(EXCERPTED DATA)
lemma sum_runner_config:
  "\<Sum>(runner_config a c w) = tri (a + c) + tri (c + 1) + (if 0 < c then w else 0)"
proof -
  have "(\<Sum>i<c. if Suc i = c then w else 0) = (if 0 < c then w else 0)"
  proof (cases c)
    case (Suc c')
    then have "(\<Sum>i<c. if Suc i = c then w else 0) = (\<Sum>i<c. if i = c' then w else 0)"
      by (intro sum.cong) auto
    then show ?thesis using Suc by simp
  qed simp
  moreover have "(\<Sum>i<c. a + 1 + 2 * i) = c * (a + 1) + 2 * tri c"
    by (induction c) (simp_all add: algebra_simps)
  moreover have "(\<Sum>i<c. runner_top a c w i)
      = (\<Sum>i<c. a + 1 + 2 * i) + (\<Sum>i<c. if Suc i = c then w else 0)"
    unfolding runner_top_def sum.distrib[symmetric] by (rule sum.cong) auto
  moreover have "\<Sum>(runner_config a c w) = \<Sum>{..<a} + (\<Sum>i<c. runner_top a c w i)"
    unfolding runner_config_def using runner_top_disjoint
    by (simp add: sum.union_disjoint sum.reindex[OF inj_on_runner_top])
  ultimately show ?thesis by (simp add: sum_lessThan_tri tri_add algebra_simps)
qed

lemma runner_top_pred_notin: "i < c \<Longrightarrow> runner_top a c w i - 1 \<notin> runner_config a c w"
proof
  assume i: "i < c" and "runner_top a c w i - 1 \<in> runner_config a c w"
  then obtain i' where i': "i' < c" "runner_top a c w i' = runner_top a c w i - 1"
    unfolding runner_config_def runner_top_def by auto
  show False
  proof (cases "i' < i")
    case True
    then have "runner_top a c w i' = a + 1 + 2 * i'" using i unfolding runner_top_def by simp
    moreover have "a + 1 + 2 * i \<le> runner_top a c w i" unfolding runner_top_def by simp
    ultimately show False using True i' by linarith
  next
    case False
    then have "runner_top a c w i \<le> runner_top a c w i'"
      using strict_mono_on_leD[OF strict_mono_on_runner_top[of c a w], of i i'] i i'(1) by simp
    moreover have "1 \<le> runner_top a c w i" unfolding runner_top_def by simp
    ultimately show False using i' by simp
  qed
qed

lemma movable_runner_config_ge: "c \<le> movable 1 (runner_config a c w)"
proof -
  have "runner_top a c w ` {..<c}
      \<subseteq> {x \<in> runner_config a c w. 1 \<le> x \<and> x - 1 \<notin> runner_config a c w}"
  proof
    fix x assume "x \<in> runner_top a c w ` {..<c}"
    then obtain i where i: "i < c" "x = runner_top a c w i" by auto
    then have "x \<in> runner_config a c w" unfolding runner_config_def by blast
    moreover have "1 \<le> x" using i(2) unfolding runner_top_def by simp
    ultimately show "x \<in> {x \<in> runner_config a c w. 1 \<le> x \<and> x - 1 \<notin> runner_config a c w}"
      using runner_top_pred_notin[OF i(1)] i(2) by simp
  qed
  then have "card (runner_top a c w ` {..<c}) \<le> movable 1 (runner_config a c w)"
    unfolding movable_def by (rule card_mono[rotated]) (simp add: finite_runner_config)
  then show ?thesis by (simp add: card_image[OF inj_on_runner_top])
qed

lemma sum_tri_balanced:
  assumes "j \<le> k"
  shows "(\<Sum>r<k. tri (q + (if r < j then 1 else 0) + 1)) = k * tri (q + 1) + j * (q + 1)"
proof -
  have "(\<Sum>r<k. tri (q + (if r < j then 1 else 0) + 1))
      = (\<Sum>r<k. if r < j then tri (q + 1) + (q + 1) else tri (q + 1))"
    by (intro sum.cong) auto
  also have "\<dots> = j * (tri (q + 1) + (q + 1)) + (k - j) * tri (q + 1)"
    using sum_lessThan_if_less[OF assms] by blast
  moreover obtain m where "k = j + m" using assms le_Suc_ex by blast
  ultimately show ?thesis by (simp add: algebra_simps)
qed

text \<open>The sum of the compact abacus with q + 1 beads on every runner and one more bead
  on runner r0.\<close>
lemma sum_tri_compact_plus_one:
  assumes "r0 < k"
  shows "(\<Sum>r<k. k * tri (q + 1 + (if r = r0 then 1 else 0)) + r * (q + 1 + (if r = r0 then 1 else 0)))
    = tri (k * (q + 1) + 1) + r0"
proof -
  have "(\<Sum>r<k. k * tri (q + 1 + (if r = r0 then 1 else 0)) + r * (q + 1 + (if r = r0 then 1 else 0)))
      = (\<Sum>r<k. k * tri (q + 1) + (q + 1) * r + (if r = r0 then k * (q + 1) + r else 0))"
    by (intro sum.cong) (auto simp: algebra_simps)
  also have "\<dots> = k * (k * tri (q + 1)) + (q + 1) * tri k + k * (q + 1) + r0"
    using assms by (simp add: sum.distrib sum_distrib_left[symmetric] tri_def)
  finally show ?thesis using tri_mult[of k "q + 1"] by (simp add: algebra_simps)
qed

text \<open>Runner r gets q + 1 beads (one more on runner \<open>e mod k\<close>, for the residue of the
  surplus e) with q or q + 1 of them movable, balanced so that M beads are movable in
  total; the rest \<open>k * (e div k)\<close> of the surplus raises the top bead of runner 0.\<close>
lemma exists_set_movable_ge:
  assumes k: "k \<ge> 1" and M: "M \<ge> 1" and n: "min_size k M \<le> n"
  shows "\<exists>B. finite B \<and> \<Sum>B = n + tri (card B) \<and> M \<le> movable k B"
proof -
  define q j where "q = M div k" and "j = M mod k"
  define e where "e = n - min_size k M"
  define w r0 where "w = e div k" and "r0 = e mod k"
  define l where "l r = q + 1 + (if r = r0 then 1 else 0)" for r
  define c where "c r = q + (if r < j then 1 else 0)" for r
  define S where "S r = runner_config (l r - c r) (c r) (if r = 0 then w else 0)" for r
  define B where "B = abacus k S"
  have jk: "j \<le> k" and r0k: "r0 < k" unfolding j_def r0_def using k by simp_all
  have Mqj: "M = q * k + j" unfolding q_def j_def by simp
  have c0: "0 < c 0" using M Mqj unfolding c_def by (cases "0 < j") auto
  have finS: "finite (S r)" for r unfolding S_def by (rule finite_runner_config)
  have cl: "c r \<le> l r" for r unfolding c_def l_def by simp
  have cardS: "card (S r) = l r" for r
    unfolding S_def using cl[of r] by (simp add: card_runner_config)
  have sumS: "\<Sum>(S r) = tri (l r) + tri (c r + 1) + (if r = 0 then w else 0)" for r
    unfolding S_def using sum_runner_config[of "l r - c r" "c r"] cl[of r] c0
    by (cases "r = 0") auto
  have "card B = (\<Sum>r<k. l r)"
    unfolding B_def using card_abacus[OF k finS] cardS by simp
  also have "\<dots> = (\<Sum>r<k. q + 1) + (\<Sum>r<k. if r = r0 then 1 else 0)"
    unfolding l_def by (rule sum.distrib)
  also have "\<dots> = k * (q + 1) + 1" using r0k by simp
  finally have card: "card B = k * (q + 1) + 1" .
  have "(\<Sum>r<k. c r) \<le> (\<Sum>r<k. movable 1 (S r))"
    unfolding S_def by (intro sum_mono movable_runner_config_ge)
  moreover have "(\<Sum>r<k. c r) = M"
    unfolding c_def Mqj sum.distrib using sum_lessThan_if_less[OF jk, of 1 0] by simp
  ultimately have "M \<le> movable k B" unfolding B_def by (simp add: movable_abacus[OF k finS])
  have "\<Sum>B = (\<Sum>r<k. k * tri (c r + 1) + (if r = 0 then k * w else 0) + (k * tri (l r) + r * l r))"
    unfolding B_def sum_abacus[OF k finS] by (intro sum.cong refl) (simp add: sumS cardS algebra_simps)
  also have "\<dots> = k * (\<Sum>r<k. tri (c r + 1)) + k * w + (\<Sum>r<k. k * tri (l r) + r * l r)"
    using k by (simp add: sum.distrib sum_distrib_left del: tri_Suc)
  also have "\<dots> = min_size k M + k * w + r0 + tri (card B)"
    unfolding c_def l_def card sum_tri_balanced[OF jk] sum_tri_compact_plus_one[OF r0k]
    using min_size_eq[OF k jk, of q] Mqj by simp
  also have "min_size k M + k * w + r0 = n" unfolding w_def r0_def e_def using n by simp
  finally show ?thesis using \<open>M \<le> movable k B\<close> finite_abacus[of k S] finS unfolding B_def by blast
qed
lemma cX_tnm_Fm:
  assumes f: "f \<in> cHom C X Y" and g: "g \<in> cHom C X Z" and ob: "X \<in> cOb C" "Y \<in> cOb C" "Z \<in> cOb C"
  shows "lcmp L (cX C L A X) (tnm L (Fm A f) (Fm A g)) = lcmp L (Fm A (cpair C f g)) (mminv A Y Z)"
proof -
  have fg: "cfx C X X f g \<in> cHom C (cprd C X X) (cprd C Y Z)"
    using assms by blast
  have "lcmp L (cX C L A X) (tnm L (Fm A f) (Fm A g))
      = lcmp L (Fm A (C.diag X)) (lcmp L (mminv A X X) (tnm L (Fm A f) (Fm A g)))"
    unfolding cX_def
    using L.cmp_assoc[OF Fm_hom[OF C.diag_hom] mminv_hom L.tnm_hom[OF Fm_hom[OF f] Fm_hom[OF g]]] assms
    by simp
  also have "\<dots> = lcmp L (Fm A (ccmp C (C.diag X) (cfx C X X f g))) (mminv A Y Z)"
    using mminv_natural[OF f g] L.cmp_assoc[OF Fm_hom[OF C.diag_hom] Fm_hom[OF fg] mminv_hom]
      Fm_ccmp[OF C.diag_hom fg] assms by simp
  finally show ?thesis
    using C.diag_cfx[OF f g] assms by simp
qed

lemma cX_natural:
  assumes h: "h \<in> cHom C X Y" and X: "X \<in> cOb C" and Y: "Y \<in> cOb C"
  shows "lcmp L (Fm A h) (cX C L A Y) = lcmp L (cX C L A X) (tnm L (Fm A h) (Fm A h))"
proof -
  have "ccmp C h (C.diag Y) = cpair C h h"
    using C.ccmp_cpair[OF h C.idn_hom C.idn_hom] C.cmp_idn_right[OF h] X Y by simp
  then have "lcmp L (Fm A h) (cX C L A Y) = lcmp L (Fm A (cpair C h h)) (mminv A Y Y)"
    unfolding cX_def
    using L.cmp_assoc[OF Fm_hom[OF h] Fm_hom[OF C.diag_hom] mminv_hom] Fm_ccmp[OF h C.diag_hom] X Y
    by simp
  then show ?thesis
    using cX_tnm_Fm[OF h h] X Y by simp
qed

lemma cX_counit_left:
  assumes X: "X \<in> cOb C"
  shows "lcmp L (cX C L A X) (tnm L (wX C L A X) (lidn L (Fo A X))) = lidn L (Fo A X)"
proof -
  have b: "cbang C X \<in> cHom C X (ctrm C)"
    and bX: "cpair C (cbang C X) (cidn C X) \<in> cHom C X (cprd C (ctrm C) X)"
    using X by blast+
  have "tnm L (wX C L A X) (lidn L (Fo A X))
      = lcmp L (tnm L (Fm A (cbang C X)) (Fm A (cidn C X))) (tnm L (m1inv A) (lidn L (Fo A X)))"
    unfolding wX_def using L.tnm_lcmp[OF Fm_hom[OF b] m1inv_hom L.idn_hom L.idn_hom] X by simp
  then have "lcmp L (cX C L A X) (tnm L (wX C L A X) (lidn L (Fo A X)))
      = lcmp L (Fm A (cpair C (cbang C X) (cidn C X))) (Fm A (cp2 C (ctrm C) X))"
    using L.cmp_assoc[OF cX_hom L.tnm_hom[OF Fm_hom[OF b] Fm_hom[OF C.idn_hom]]
        L.tnm_hom[OF m1inv_hom L.idn_hom]]
      L.cmp_assoc[OF Fm_hom[OF bX] mminv_hom L.tnm_hom[OF m1inv_hom L.idn_hom]]
      cX_tnm_Fm[OF b C.idn_hom] mminv_unit_left X
    by simp
  also have "\<dots> = lidn L (Fo A X)"
    using Fm_ccmp[OF bX C.cp2_hom] C.cpair_cp2[OF b C.idn_hom] X by simp
  finally show ?thesis .
qed

lemma cX_counit_right:
  assumes X: "X \<in> cOb C"
  shows "lcmp L (cX C L A X) (tnm L (lidn L (Fo A X)) (wX C L A X)) = lidn L (Fo A X)"
proof -
  have b: "cbang C X \<in> cHom C X (ctrm C)"
    and Xb: "cpair C (cidn C X) (cbang C X) \<in> cHom C X (cprd C X (ctrm C))"
    using X by blast+
  have "tnm L (lidn L (Fo A X)) (wX C L A X)
      = lcmp L (tnm L (Fm A (cidn C X)) (Fm A (cbang C X))) (tnm L (lidn L (Fo A X)) (m1inv A))"
    unfolding wX_def using L.tnm_lcmp[OF L.idn_hom L.idn_hom Fm_hom[OF b] m1inv_hom] X by simp
  then have "lcmp L (cX C L A X) (tnm L (lidn L (Fo A X)) (wX C L A X))
      = lcmp L (Fm A (cpair C (cidn C X) (cbang C X))) (Fm A (cp1 C X (ctrm C)))"
    using L.cmp_assoc[OF cX_hom L.tnm_hom[OF Fm_hom[OF C.idn_hom] Fm_hom[OF b]]
        L.tnm_hom[OF L.idn_hom m1inv_hom]]
      L.cmp_assoc[OF Fm_hom[OF Xb] mminv_hom L.tnm_hom[OF L.idn_hom m1inv_hom]]
      cX_tnm_Fm[OF C.idn_hom b] mminv_unit_right X
    by simp
  also have "\<dots> = lidn L (Fo A X)"
    using Fm_ccmp[OF Xb C.cp1_hom] C.cpair_cp1[OF C.idn_hom b] X by simp
  finally show ?thesis .
qed

lemma cX_coassoc:
  assumes X: "X \<in> cOb C"
  shows "lcmp L (cX C L A X) (tnm L (cX C L A X) (lidn L (Fo A X)))
       = lcmp L (cX C L A X) (tnm L (lidn L (Fo A X)) (cX C L A X))"
proof -
  let ?q' = "lcmp L (mminv A X (cprd C X X)) (tnm L (lidn L (Fo A X)) (mminv A X X))"
  have ob: "cprd C X X \<in> cOb C" "Fo A X \<in> lOb L"
    using X by auto
  have D: "C.diag X \<in> cHom C X (cprd C X X)" and i: "cidn C X \<in> cHom C X X"
    and Di: "cpair C (C.diag X) (cidn C X) \<in> cHom C X (cprd C (cprd C X X) X)"
    and iD: "cpair C (cidn C X) (C.diag X) \<in> cHom C X (cprd C X (cprd C X X))"
    and a: "cassoc C X X X \<in> cHom C (cprd C (cprd C X X) X) (cprd C X (cprd C X X))"
    using X unfolding cassoc_def by blast+
  have mX: "tnm L (mminv A X X) (lidn L (Fo A X))
      \<in> lHom L (tno L (Fo A (cprd C X X)) (Fo A X)) (tno L (Fo A X) (tno L (Fo A X) (Fo A X)))"
    and Xm: "tnm L (lidn L (Fo A X)) (mminv A X X)
      \<in> lHom L (tno L (Fo A X) (Fo A (cprd C X X))) (tno L (Fo A X) (tno L (Fo A X) (Fo A X)))"
    using L.tnm_hom[OF mminv_hom L.idn_hom] L.tnm_hom[OF L.idn_hom mminv_hom] X ob by simp_all
  have q': "?q' \<in> lHom L (Fo A (cprd C X (cprd C X X))) (tno L (Fo A X) (tno L (Fo A X) (Fo A X)))"
    using L.cmp_hom[OF mminv_hom Xm] X ob by simp
  have "tnm L (cX C L A X) (lidn L (Fo A X))
      = lcmp L (tnm L (Fm A (C.diag X)) (Fm A (cidn C X))) (tnm L (mminv A X X) (lidn L (Fo A X)))"
    unfolding cX_def using L.tnm_lcmp[OF Fm_hom[OF D] mminv_hom L.idn_hom L.idn_hom] X ob by simp
  then have "lcmp L (cX C L A X) (tnm L (cX C L A X) (lidn L (Fo A X)))
      = lcmp L (Fm A (cpair C (C.diag X) (cidn C X)))
        (lcmp L (mminv A (cprd C X X) X) (tnm L (mminv A X X) (lidn L (Fo A X))))"
    using L.cmp_assoc[OF cX_hom L.tnm_hom[OF Fm_hom[OF D] Fm_hom[OF i]] mX] cX_tnm_Fm[OF D i]
      L.cmp_assoc[OF Fm_hom[OF Di] mminv_hom mX] X ob by simp
  also have "\<dots> = lcmp L (Fm A (cpair C (cidn C X) (C.diag X))) ?q'"
    using mminv_cassoc[OF X X X] L.cmp_assoc[OF Fm_hom[OF Di] Fm_hom[OF a] q', symmetric]
      Fm_ccmp[OF Di a] C.cpair_cassoc[OF i i i] X ob by simp
  also have "\<dots> = lcmp L (cX C L A X) (tnm L (lidn L (Fo A X)) (cX C L A X))"
  proof -
    have "tnm L (lidn L (Fo A X)) (cX C L A X)
        = lcmp L (tnm L (Fm A (cidn C X)) (Fm A (C.diag X)))
          (tnm L (lidn L (Fo A X)) (mminv A X X))"
      unfolding cX_def using L.tnm_lcmp[OF L.idn_hom L.idn_hom Fm_hom[OF D] mminv_hom] X ob by simp
    then show ?thesis
      using L.cmp_assoc[OF cX_hom L.tnm_hom[OF Fm_hom[OF i] Fm_hom[OF D]] Xm] cX_tnm_Fm[OF i D]
        L.cmp_assoc[OF Fm_hom[OF iD] mminv_hom Xm] X ob by simp
  qed
  finally show ?thesis .
qed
(End EXCERPTED DATA)
» **REQUIRED ACTION**
What lines above hold the word "lHom"? Pull each one out.

» **RESPONSE TO THIS EXERCISE**
      \<in> lHom L (tno L (Fo A (cprd C X X)) (Fo A X)) (tno L (Fo A X) (tno L (Fo A X) (Fo A X)))"
      \<in> lHom L (tno L (Fo A X) (Fo A (cprd C X X))) (tno L (Fo A X) (tno L (Fo A X) (Fo A X)))"
  have q': "?q' \<in> lHom L (Fo A (cprd C X (cprd C X X))) (tno L (Fo A X) (tno L (Fo A X) (Fo A X)))"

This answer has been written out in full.